Palestinian Jews

Palestinian Jews
יְהוּדִים פָלַסְטִינִים
اليهود الفلسطينيين
Painting of Palestinian rabbi Raphael Hayyim Isaac Carregal by American artist Samuel King, 1782
Regions with significant populations
Palestine (Land of Israel)
Languages
Religion
Judaism
Related ethnic groups
Samaritans and Israeli Jews

Palestinian Jews or Jewish Palestinians (Hebrew: יְהוּדִים פָלַסְטִינִים; Arabic: اليهود الفلسطينيين) were the Jews who inhabited Palestine (alternatively the Land of Israel) prior to the Declaration of the Establishment of the State of Israel on 14 May 1948.

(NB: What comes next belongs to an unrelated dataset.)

(* Assume (A1)–(A3) and (SH), and let $z_t$ be defined by $x_0:=x_1$, $z_t=x_t+\frac{\beta_{1,t}}{1-\beta_{1,t}}(x_t-x_{t-1})$. Then for every $t\ge1$, $\mathbb{E}[f(z_{t+1})-f(z_1)]\le T_1+T_2+T_3+T_4+T_5+T_6$, where $T_1=-\mathbb{E}\big[\sum_{i=1}^t\langle\nabla f(z_i),\frac{\beta_{1,i}}{1-\beta_{1,i}}(\frac{\alpha_i}{\sqrt{\hat v_i}}-\frac{\alpha_{i-1}}{\sqrt{\hat v_{i-1}}})\odot m_{i-1}\rangle\big]$, $T_2=-\mathbb{E}\big[\sum_{i=1}^t\alpha_i\langle\nabla f(z_i),g_i/\sqrt{\hat v_i}\rangle\big]$, $T_3=-\mathbb{E}\big[\sum_{i=1}^t\langle\nabla f(z_i),(\frac{\beta_{1,i+1}}{1-\beta_{1,i+1}}-\frac{\beta_{1,i}}{1-\beta_{1,i}})\alpha_im_i/\sqrt{\hat v_i}\rangle\big]$, $T_4=\mathbb{E}\big[\sum_{i=1}^t\frac32L\|(\frac{\beta_{1,i+1}}{1-\beta_{1,i+1}}-\frac{\beta_{1,i}}{1-\beta_{1,i}})\alpha_im_i/\sqrt{\hat v_i}\|^2\big]$, $T_5=\mathbb{E}\big[\sum_{i=1}^t\frac32L\|\frac{\beta_{1,i}}{1-\beta_{1,i}}(\frac{\alpha_i}{\sqrt{\hat v_i}}-\frac{\alpha_{i-1}}{\sqrt{\hat v_{i-1}}})\odot m_{i-1}\|^2\big]$, $T_6=\mathbb{E}\big[\sum_{i=1}^t\frac32L\|\alpha_ig_i/\sqrt{\hat v_i}\|^2\big]$.
   Context: Problem: minimize $f(x)=\mathbb{E}_\xi[f(x;\xi)]$ over $x\in\mathbb{R}^d$. All vector operations (division, square root, squaring) are coordinatewise, $\odot$ is the coordinatewise product, $\|\cdot\|$ is the Euclidean norm. Generalized Adam: given $x_1\in\mathbb{R}^d$, stepsizes $\alpha_t>0$, momentum parameters $\beta_{1,t}\in[0,1)$ and maps $h_t$, set $m_0=0$ and for $t=1,2,\dots$: $m_t=\beta_{1,t}m_{t-1}+(1-\beta_{1,t})g_t$; $\hat v_t=h_t(g_1,\dots,g_t)\in\mathbb{R}^d$ with strictly positive entries; $x_{t+1}=x_t-\alpha_t m_t/\sqrt{\hat v_t}$, where $g_t$ is a stochastic gradient evaluated at $x_t$. By convention $(\alpha_1/\sqrt{\hat v_1}-\alpha_0/\sqrt{\hat v_0})\odot m_0=0$ (the $i=1$ terms of $T_1$ and $T_5$ vanish). Assumptions: (A1) $f$ is differentiable, $\|\nabla f(x)-\nabla f(y)\|\le L\|x-y\|$ for all $x,y$, and $f$ attains its minimum at some $x^*$ with $f(x^* )>-\infty$. (A2) $\|\nabla f(x)\|\le H$ for all $x$ and $\|g_t\|\le H$ for all $t$ almost surely. (A3) $g_t=\nabla f(x_t)+\zeta_t$ where the noise $\zeta_t$ has zero mean conditionally on $g_1,\dots,g_{t-1}$. Expectations are over all randomness in $\{g_t\}$. Standing hypotheses (SH): $\beta_1\in[0,1)$ with $\beta_{1,t}\le\beta_1$ for all $t$, the sequence $\beta_{1,t}\in[0,1)$ is non-increasing, and there is $G>0$ with $\|\alpha_t m_t/\sqrt{\hat v_t}\|\le G$ for all $t$ almost surely. *)

theory Defs
  imports "HOL-Probability.Probability"
begin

Beginning in the 19th century,[1] the collective Jewish communities of Ottoman Syria and then of Mandatory Palestine were commonly referred to as the Yishuv (ישוב, lit.'settlement'). A distinction is drawn between the New Yishuv and the Old Yishuv: the New Yishuv was largely composed of and descended from Jews who had immigrated to the Levant during the First Aliyah (1881–1903); while the Old Yishuv comprised the Palestinian Jewish community that had already existed in the region before the consolidation of Zionism and the First Aliyah.

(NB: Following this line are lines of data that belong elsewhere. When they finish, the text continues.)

(* Let $f:\mathbb{R}^{m\times n}\to\mathbb{R}$ be $L$-smooth, i.e. $f({\bm X})\le f({\bm Y})+\langle\nabla f({\bm Y}),{\bm X}-{\bm Y}\rangle+\frac L2\|{\bm X}-{\bm Y}\|_F^2$ for all ${\bm X},{\bm Y}$, and let $f_*:=\inf_{{\bm X}} f({\bm X})>-\infty$. Fix $\tau>0$, $K\ge 1$, an initial point ${\bm X}_0$, and consider the iteration ${\bm X}_{k+1}={\bm X}_k-\eta\,\mathcal{C}_\tau({\bm G}_k)$ with constant step size $\eta=\frac{1}{4L\sqrt K}$, where the random matrices ${\bm G}_k$ satisfy $\mathbb{E}[{\bm G}_k\mid{\bm X}_k]=\nabla f({\bm X}_k)$ and $\mathbb{E}[\|{\bm G}_k-\nabla f({\bm X}_k)\|_F^\alpha\mid{\bm X}_k]\le\sigma^\alpha$ for some $\alpha\in(1,2]$ and $\sigma>0$. Then $$\min_{0\le k\le K-1}\mathbb{E}\big[\|\nabla f({\bm X}_k)\|_F^2\big]\le\frac{16L(f({\bm X}_0)-f_* )}{\sqrt K}+\frac{C_{\alpha,d}\,\tau^{2-\alpha}\sigma^\alpha}{8\sqrt K}+\frac2K\sum_{k=0}^{K-1}\Delta_k,$$ where $\Delta_k:=\mathbb{E}\big[\|\nabla f({\bm X}_k)-\mathbb{E}[\mathcal{C}_\tau({\bm G}_k)\mid{\bm X}_k]\|_F^2\big]$, $C_{\alpha,d}:=2^{4-\alpha}d^{1-\alpha/2}$ and $d=\min\{m,n\}$.
   Context: $\|\cdot\|_F$ is the Frobenius norm and $\langle\cdot,\cdot\rangle$ the Frobenius inner product. Spectral clipping: for ${\bm G}\in\mathbb{R}^{m\times n}$ with (thin) SVD ${\bm G}={\bm U}\,\mathrm{diag}(\sigma_1,\dots,\sigma_d){\bm V}^\top$, $d=\min\{m,n\}$, and threshold $\tau>0$, define $\mathcal{C}_\tau({\bm G}):={\bm U}\,\mathrm{diag}(\min\{\sigma_1,\tau\},\dots,\min\{\sigma_d,\tau\}){\bm V}^\top$ (singular values exceeding $\tau$ are replaced by $\tau$, singular vectors unchanged). *)

theory Defs
  imports "HOL-Analysis.Analysis" "HOL-Probability.Probability"
begin

text \<open>Matrices in R^{m x n} are modelled as real^'n^'m (rows indexed by 'm).
 The norm on this type is the Frobenius norm and the inner product is the
 Frobenius inner product.\<close>

definition svd_rank :: "('n::finite) itself \<Rightarrow> ('m::finite) itself \<Rightarrow> nat" where
  "svd_rank _ _ = min CARD('m) CARD('n)"

definition outer_prod :: "real^'m \<Rightarrow> real^'n \<Rightarrow> real^'n^'m" where
  "outer_prod u v = (\<chi> i j. u $ i * v $ j)"

definition is_thin_svd :: "real^'n^'m \<Rightarrow> (nat \<Rightarrow> real^'m) \<Rightarrow> (nat \<Rightarrow> real^'n) \<Rightarrow> (nat \<Rightarrow> real) \<Rightarrow> bool" where
  "is_thin_svd G u v s \<longleftrightarrow>
     (let d = svd_rank TYPE('n) TYPE('m) in
       (\<forall>i<d. \<forall>j<d. u i \<bullet> u j = (if i = j then 1 else 0)) \<and>
       (\<forall>i<d. \<forall>j<d. v i \<bullet> v j = (if i = j then 1 else 0)) \<and>
       (\<forall>i<d. 0 \<le> s i) \<and>
       G = (\<Sum>i<d. s i *\<^sub>R outer_prod (u i) (v i)))"

definition spec_clip :: "real \<Rightarrow> real^'n^'m \<Rightarrow> real^'n^'m" where
  "spec_clip \<tau> G = (SOME C. \<exists>u v s. is_thin_svd G u v s \<and>
      C = (\<Sum>i<svd_rank TYPE('n) TYPE('m). min (s i) \<tau> *\<^sub>R outer_prod (u i) (v i)))"

definition gen_alg :: "'a measure \<Rightarrow> ('a \<Rightarrow> real^'n^'m) \<Rightarrow> 'a measure" where
  "gen_alg M Y = vimage_algebra (space M) Y borel"

definition mat_cond_exp :: "'a measure \<Rightarrow> 'a measure \<Rightarrow> ('a \<Rightarrow> real^'n^'m) \<Rightarrow> 'a \<Rightarrow> real^'n^'m" where
  "mat_cond_exp M F H = (\<lambda>\<omega>. \<chi> i j. real_cond_exp M F (\<lambda>\<omega>'. H \<omega>' $ i $ j) \<omega>)"

end

theory Submission
  imports Defs
begin

text \<open>Spectral clipping \<open>C\<^sub>\<tau>\<close> is the Frobenius projection onto the ball of radius \<open>\<tau>\<close> in the
  spectral norm. Hence it is nonexpansive, and its values have Frobenius norm at most
  \<open>sqrt d \<tau>\<close>; interpolating the two bounds gives
  \<open>\<parallel>C\<^sub>\<tau> G - C\<^sub>\<tau> (\<nabla>f X)\<parallel>\<^sup>2 \<le> (2 sqrt d \<tau>)\<^bsup>2-\<alpha>\<^esup> \<parallel>G - \<nabla>f X\<parallel>\<^bsup>\<alpha>\<^esup>\<close>, whose expectation is controlled by
  the \<open>\<alpha>\<close>-th moment of the noise. In the smoothness inequality for one step, split
  \<open>\<parallel>C\<^sub>\<tau> G\<parallel>\<^sup>2 = -\<parallel>D\<parallel>\<^sup>2 + 2\<langle>D, C\<^sub>\<tau> G\<rangle> + \<parallel>C\<^sub>\<tau> G - D\<parallel>\<^sup>2\<close> with \<open>D = C\<^sub>\<tau> (\<nabla>f X\<^sub>k)\<close>; in the inner products
  with \<open>X\<^sub>k\<close>-measurable factors, \<open>C\<^sub>\<tau> G\<^sub>k\<close> may be replaced by its conditional mean, whose distance to
  \<open>\<nabla>f X\<^sub>k\<close> is \<open>\<Delta>\<^sub>k\<close>. For \<open>L\<eta> \<le> 1/32\<close>, i.e. \<open>K \<ge> 64\<close>, this gives a descent inequality that
  telescopes to the bound. For \<open>K < 64\<close> the bound already holds at \<open>k = 0\<close>, because
  \<open>\<parallel>\<nabla>f Y\<parallel>\<^sup>2 \<le> 2L (f Y - f\<^sub>*)\<close> for every \<open>L\<close>-smooth \<open>f\<close>.\<close>

section \<open>Outer products and the thin SVD\<close>

definition orthonormal_upto :: "nat \<Rightarrow> (nat \<Rightarrow> 'a::real_inner) \<Rightarrow> bool" where
  "orthonormal_upto r u \<longleftrightarrow> (\<forall>i<r. \<forall>j<r. u i \<bullet> u j = (if i = j then 1 else 0))"

lemma orthonormal_upto_norm: "orthonormal_upto r u \<Longrightarrow> i < r \<Longrightarrow> norm (u i) = 1"
  unfolding orthonormal_upto_def by (simp add: norm_eq_1)

lemma is_thin_svd_iff:
  fixes G :: "real^'n^'m"
  shows "is_thin_svd G u v s \<longleftrightarrow>
    orthonormal_upto (min CARD('m) CARD('n)) u \<and> orthonormal_upto (min CARD('m) CARD('n)) v \<and>
    (\<forall>i<min CARD('m) CARD('n). 0 \<le> s i) \<and>
    G = (\<Sum>i<min CARD('m) CARD('n). s i *\<^sub>R outer_prod (u i) (v i))"
  unfolding is_thin_svd_def svd_rank_def orthonormal_upto_def Let_def ..

lemma outer_prod_inner: "outer_prod u v \<bullet> (A::real^'n^'m) = u \<bullet> (A *v v)"
  unfolding outer_prod_def inner_vec_def matrix_vector_mult_def
  by (simp add: sum_distrib_left mult_ac)

lemma outer_prod_inner_outer_prod: "outer_prod u v \<bullet> outer_prod u' v' = (u \<bullet> u') * (v \<bullet> v')"
  unfolding outer_prod_def inner_vec_def
  by (simp add: sum_distrib_left sum_distrib_right mult_ac)

lemma scaleR_outer_prod_mult_vec: "(c *\<^sub>R outer_prod u v) *v w = (c * (v \<bullet> w)) *\<^sub>R u"
  unfolding outer_prod_def inner_vec_def matrix_vector_mult_def
  by (simp add: vec_eq_iff sum_distrib_left algebra_simps)

lemma vec_mult_scaleR_outer_prod: "w v* (c *\<^sub>R outer_prod u v) = (c * (w \<bullet> u)) *\<^sub>R v"
  unfolding outer_prod_def inner_vec_def vector_matrix_mult_def
  by (simp add: vec_eq_iff sum_distrib_left sum_distrib_right algebra_simps)

lemma inner_sum_outer_prod:
  assumes "orthonormal_upto d u" "orthonormal_upto d v"
  shows "(\<Sum>i<d. a i *\<^sub>R outer_prod (u i) (v i)) \<bullet> (\<Sum>i<d. b i *\<^sub>R outer_prod (u i) (v i))
    = (\<Sum>i<d. a i * b i)"
proof -
  have "(\<Sum>i<d. a i *\<^sub>R outer_prod (u i) (v i)) \<bullet> (\<Sum>i<d. b i *\<^sub>R outer_prod (u i) (v i))
     = (\<Sum>i<d. \<Sum>j<d. b i * (a j * ((u j \<bullet> u i) * (v j \<bullet> v i))))"
    by (simp add: inner_sum_left inner_sum_right outer_prod_inner_outer_prod sum_distrib_left)
  also have "\<dots> = (\<Sum>i<d. \<Sum>j<d. if i = j then b i * a j else 0)"
    using assms unfolding orthonormal_upto_def by (intro sum.cong refl) auto
  finally show ?thesis
    by (simp add: mult.commute)
qed

lemma norm_sum_outer_prod:
  assumes "orthonormal_upto d u" "orthonormal_upto d v"
  shows "(norm (\<Sum>i<d. a i *\<^sub>R outer_prod (u i) (v i)))\<^sup>2 = (\<Sum>i<d. (a i)\<^sup>2)"
  unfolding power2_norm_eq_inner inner_sum_outer_prod[OF assms] by (simp add: power2_eq_square)

lemma bessel_inequality:
  fixes x :: "'a::real_inner"
  assumes "orthonormal_upto d u"
  shows "(\<Sum>i<d. (x \<bullet> u i)\<^sup>2) \<le> (norm x)\<^sup>2"
proof -
  let ?p = "\<Sum>i<d. (x \<bullet> u i) *\<^sub>R u i"
  have "?p \<bullet> ?p = (\<Sum>i<d. \<Sum>j<d. (x \<bullet> u i) * ((x \<bullet> u j) * (u j \<bullet> u i)))"
    by (simp add: inner_sum_left inner_sum_right sum_distrib_left)
  also have "\<dots> = (\<Sum>i<d. \<Sum>j<d. if i = j then (x \<bullet> u i) * (x \<bullet> u j) else 0)"
    using assms unfolding orthonormal_upto_def by (intro sum.cong refl) auto
  finally have pp: "?p \<bullet> ?p = (\<Sum>i<d. (x \<bullet> u i)\<^sup>2)"
    by (simp add: power2_eq_square)
  have xp: "x \<bullet> ?p = (\<Sum>i<d. (x \<bullet> u i)\<^sup>2)"
    by (simp add: inner_sum_right power2_eq_square)
  have "0 \<le> (x - ?p) \<bullet> (x - ?p)"
    by simp
  also have "\<dots> = x \<bullet> x - 2 * (x \<bullet> ?p) + ?p \<bullet> ?p"
    by (simp add: inner_diff_left inner_diff_right inner_commute)
  finally show ?thesis
    using pp xp by (simp add: power2_norm_eq_inner)
qed

lemma exists_unit_orthogonal_upto:
  fixes u :: "nat \<Rightarrow> 'a::euclidean_space"
  assumes "r < DIM('a)"
  obtains x where "norm x = 1" "\<forall>i<r. x \<bullet> u i = 0"
proof -
  have "dim (span (u ` {..<r})) \<le> card (u ` {..<r})"
    by (simp add: dim_le_card span_superset)
  also have "\<dots> \<le> r"
    using card_image_le[of "{..<r}" u] by simp
  finally have "span (u ` {..<r}) \<noteq> UNIV"
    using assms by (metis dim_UNIV not_le dim_span)
  then obtain a where a: "a \<noteq> 0" "\<forall>x\<in>span (u ` {..<r}). a \<bullet> x = 0"
    using span_not_UNIV_orthogonal by blast
  show ?thesis
    using a by (intro that[of "a /\<^sub>R norm a"]) (simp_all add: span_base)
qed

lemma orthogonal_orthonormal_basis_eq_0:
  fixes u :: "nat \<Rightarrow> 'a::euclidean_space"
  assumes u: "orthonormal_upto DIM('a) u" and z: "\<forall>i<DIM('a). z \<bullet> u i = 0"
  shows "z = 0"
proof -
  let ?B = "u ` {..<DIM('a)}"
  have "inj_on u {..<DIM('a)}"
  proof
    fix i j assume "i \<in> {..<DIM('a)}" "j \<in> {..<DIM('a)}" "u i = u j"
    then show "i = j"
      using u unfolding orthonormal_upto_def by (metis lessThan_iff zero_neq_one)
  qed
  then have card: "card ?B = dim (UNIV::'a set)"
    by (simp add: card_image)
  have "pairwise orthogonal ?B"
    using u unfolding pairwise_def orthogonal_def orthonormal_upto_def by auto
  moreover have "0 \<notin> ?B"
    using u unfolding orthonormal_upto_def by force
  ultimately have "independent ?B"
    by (rule pairwise_orthogonal_independent)
  then have "z \<in> span ?B"
    using card_eq_dim[of ?B UNIV] card by auto
  then have "orthogonal z z"
    by (rule orthogonal_to_span) (use z in \<open>auto simp: orthogonal_def inner_commute\<close>)
  then show ?thesis
    by (simp add: orthogonal_def)
qed

lemma eq_scaleR_if_inner_maximal:
  fixes a w :: "'a::real_inner"
  assumes S: "subspace S" "a \<in> S" "w \<in> S" and a: "norm a = 1"
    and max: "\<And>x. x \<in> S \<Longrightarrow> norm x = 1 \<Longrightarrow> x \<bullet> w \<le> a \<bullet> w"
  shows "w = (a \<bullet> w) *\<^sub>R a"
proof -
  have "norm w \<le> a \<bullet> w"
  proof (cases "w = 0")
    case False
    have "(w /\<^sub>R norm w) \<bullet> w \<le> a \<bullet> w"
      using False S by (intro max) (simp_all add: subspace_scale)
    then show ?thesis
      using False by (simp add: dot_square_norm power2_eq_square field_simps)
  qed simp
  moreover have "a \<bullet> w \<le> norm w"
    using norm_cauchy_schwarz[of a w] a by simp
  ultimately have aw: "a \<bullet> w = norm w"
    by simp
  have "(norm (w - (a \<bullet> w) *\<^sub>R a))\<^sup>2 = (norm w)\<^sup>2 - (a \<bullet> w)\<^sup>2"
    using a unfolding power2_norm_eq_inner
    by (simp add: inner_diff_left inner_diff_right inner_commute power2_eq_square norm_eq_1)
  then show ?thesis
    using aw by simp
qed

lemma bilinear_attains_max_on_unit_spheres:
  fixes R :: "real^'n^'m"
  assumes "closed S" "closed T" "S \<inter> sphere 0 1 \<noteq> {}" "T \<inter> sphere 0 1 \<noteq> {}"
  obtains x y where "x \<in> S" "norm x = 1" "y \<in> T" "norm y = 1"
    "\<And>x' y'. x' \<in> S \<Longrightarrow> norm x' = 1 \<Longrightarrow> y' \<in> T \<Longrightarrow> norm y' = 1 \<Longrightarrow> x' \<bullet> (R *v y') \<le> x \<bullet> (R *v y)"
proof -
  have "compact ((S \<inter> sphere 0 1) \<times> (T \<inter> sphere 0 1))"
    using assms by (intro compact_Times closed_Int_compact compact_sphere)
  moreover have "(S \<inter> sphere 0 1) \<times> (T \<inter> sphere 0 1) \<noteq> {}"
    using assms by auto
  moreover have "continuous_on A (\<lambda>p. fst p \<bullet> (R *v snd p))" for A
    by (intro continuous_intros linear_continuous_on_compose[OF _ matrix_vector_mul_linear])
  ultimately obtain p where p: "p \<in> (S \<inter> sphere 0 1) \<times> (T \<inter> sphere 0 1)"
    and max: "\<forall>q\<in>(S \<inter> sphere 0 1) \<times> (T \<inter> sphere 0 1). fst q \<bullet> (R *v snd q) \<le> fst p \<bullet> (R *v snd p)"
    using continuous_attains_sup by blast
  show ?thesis
  proof (rule that[of "fst p" "snd p"])
    fix x' y' assume "x' \<in> S" "norm x' = 1" "y' \<in> T" "norm y' = 1"
    then show "x' \<bullet> (R *v y') \<le> fst p \<bullet> (R *v snd p)"
      using max[rule_format, of "(x', y')"] by simp
  qed (use p in auto)
qed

In addition to applying to Jews who lived in Palestine during the British Mandate, the term "Palestinian Jew" has been applied to the Jewish residents of Southern Syria under the Ottoman Empire. There are also historical scholarly instances in which the Jewish populations of Palaestina Prima and Palaestina Secunda in the Byzantine Empire are referred to as Palestinian Jews.[2]

Following the dissolution of the British Mandate in 1948, the entire Palestinian Jewish populace was absorbed by Israeli citizenship law. Since then, the term "Palestinian Jew" has largely fallen into disuse, though some Israeli Jews may refer to themselves as Palestinians in historical or political contexts.

  1. ^ "Yishuv". Oxford English Dictionary Online. Oxford University Press. Archived from the original on 21 September 2012. Retrieved 14 December 2015.
  2. ^ Masalha, Nur (2016). "The Concept of Palestine: The Conception Of Palestine from the Late Bronze Age to the Modern Period". Journal of Holy Land and Palestine Studies. 15 (2): 175, 188. doi:10.3366/hlps.2016.0140. ISSN 2054-1988.